You can do this in O(n log k), using O(k) extra space by modifying the algorithm slightly. I'm not a Python programmer, so you'll have to translate the pseudocode:
您可以在 O(n log k) 中完成此操作,通过稍微修改算法使用 O(k) 额外空间。我不是 Python 程序员,所以你必须翻译伪代码:
create a new min-heap
push the first k nums onto the heap
for the rest of the nums:
if num > heap.peek()
heap.pop()
heap.push(num)
// at this point, the k largest items are on the heap.
// The kth largest is the root:
return heap.pop()
The key here is that the heap contains just the largest items seen so far. If an item is smaller than the kth largest seen so far, it's never put onto the heap. The worst case is O(n log k).
这里的关键是堆只包含迄今为止看到的最大的项目。如果一个项目小于目前看到的第 k 个最大的项目,它永远不会被放入堆中。最坏的情况是 O(n log k)。

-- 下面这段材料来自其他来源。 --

(* Let $N\ge2$, $\gamma>\tfrac12$, and let $\Gamma$ satisfy (A1) and (A2) with this $\gamma$ and constant $C_1>0$. Let the communication weight $\psi:(0,\infty)\to(0,\infty)$ be nonincreasing and have a primitive $\Psi$ (so $\Psi'=\psi$) that is singular at $0$, i.e. $|\Psi(s)|\to\infty$ as $s\to0^+$, and suppose there are constants $C>0$ and $\beta\in[0,1)$ with $$\Psi'(s)\le C\,|\Psi(s)|^{(1-\beta)2\gamma/(2\gamma-1)}\qquad\text{for all } s>0.$$ Let the initial data satisfy $x_{i0}\ne x_{j0}$ for $i\ne j$. Then any solution of the NL CS system remains non-collisional for $t>0$, and for all $t$ in its interval of existence: if $\beta>0$, $$\mathcal{L}^\beta(t)+\frac{\beta}{2C_1\gamma(N-1)}\sum_i|v_i(t)|^2\le C\,\frac{(2\gamma-1)\beta}{2\gamma}\,t+\mathcal{L}^\beta(0)+\frac{\beta}{2C_1\gamma(N-1)}\sum_i|v_{i0}|^2,$$ and if $\beta=0$, $$\mathcal{L}^0(t)+\frac{1}{2C_1\gamma(N-1)}\sum_i|v_i(t)|^2\le C\,\frac{2\gamma-1}{2\gamma}\,t+\mathcal{L}^0(0)+\frac{1}{2C_1\gamma(N-1)}\sum_i|v_{i0}|^2.$$
   Context: The NL CS system: $\frac{d}{dt}x_i=v_i$, $\frac{d}{dt}v_i=\frac1N\sum_{j=1}^N\psi(|x_i-x_j|)\Gamma(v_j-v_i)$, $i=1,\dots,N$, with $x_i,v_i\in\mathbb{R}^d$ and initial data $(x_{i0},v_{i0})$; a solution is a $C^1$ solution on an interval on which $x_i(t)\ne x_j(t)$ for $i\ne j$. (A1): $\Gamma(-v)=-\Gamma(v)$ for all $v\in\mathbb{R}^d$. (A2): $\langle\Gamma(v),v\rangle\ge C_1|v|^{2\gamma}$ for all $v\in\mathbb{R}^d$. Sums $\sum_{i\ne j}$ are over ordered pairs $i\ne j$ in $\{1,\dots,N\}$. Define $$\mathcal{L}^\beta(t)=\frac{1}{N(N-1)}\sum_{i\ne j}|\Psi(|x_i(t)-x_j(t)|)|^\beta\ (\beta>0),\qquad \mathcal{L}^0(t)=\frac{1}{N(N-1)}\sum_{i\ne j}\log|\Psi(|x_i(t)-x_j(t)|)|.$$ *)

theory Defs
  imports "HOL-Analysis.Analysis"
begin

Actually, heapqhas a heapreplacemethod, so you could replace this:
实际上,heapq有一个heapreplace方法,所以你可以替换这个:
if num > heap.peek()
heap.pop()
heap.push(num)
with
和
if num > heap.peek()
heap.replace(num)
Also, an alternative to pushing the first kitems is to create a list of the first kitems and call heapify. A more optimized (but still O(n log k)) algorithm is:
此外,推送第一个k项目的替代方法是创建第一个项目的列表k并调用heapify. 一个更优化的(但仍然是 O(n log k))算法是:
create array of first `k` items
heap = heapify(array)
for remaining nums
if (num > heap.peek())
heap.replace(num)
return heap.pop()
You could also call heapifyon the entire array, then pop the first n-kitems, and then take the top:
您也可以调用heapify整个数组,然后弹出第一个n-k项目,然后取顶部:
heapify(nums)
for i = 0 to n-k
heapq.heappop(nums)
return heapq.heappop(nums)
That's simpler. Not sure if it's faster than my previous suggestion, but it modifies the original array. The complexity is O(n) to build the heap, then O((n-k) log n) for the pops. So it's be O((n-k) log n). Worst case O(n log n).
那更简单。不确定它是否比我之前的建议快,但它修改了原始数组。构建堆的复杂度是 O(n),然后是 O((nk) log n) 的 pops。所以它是 O((nk) log n)。最坏情况 O(n log n)。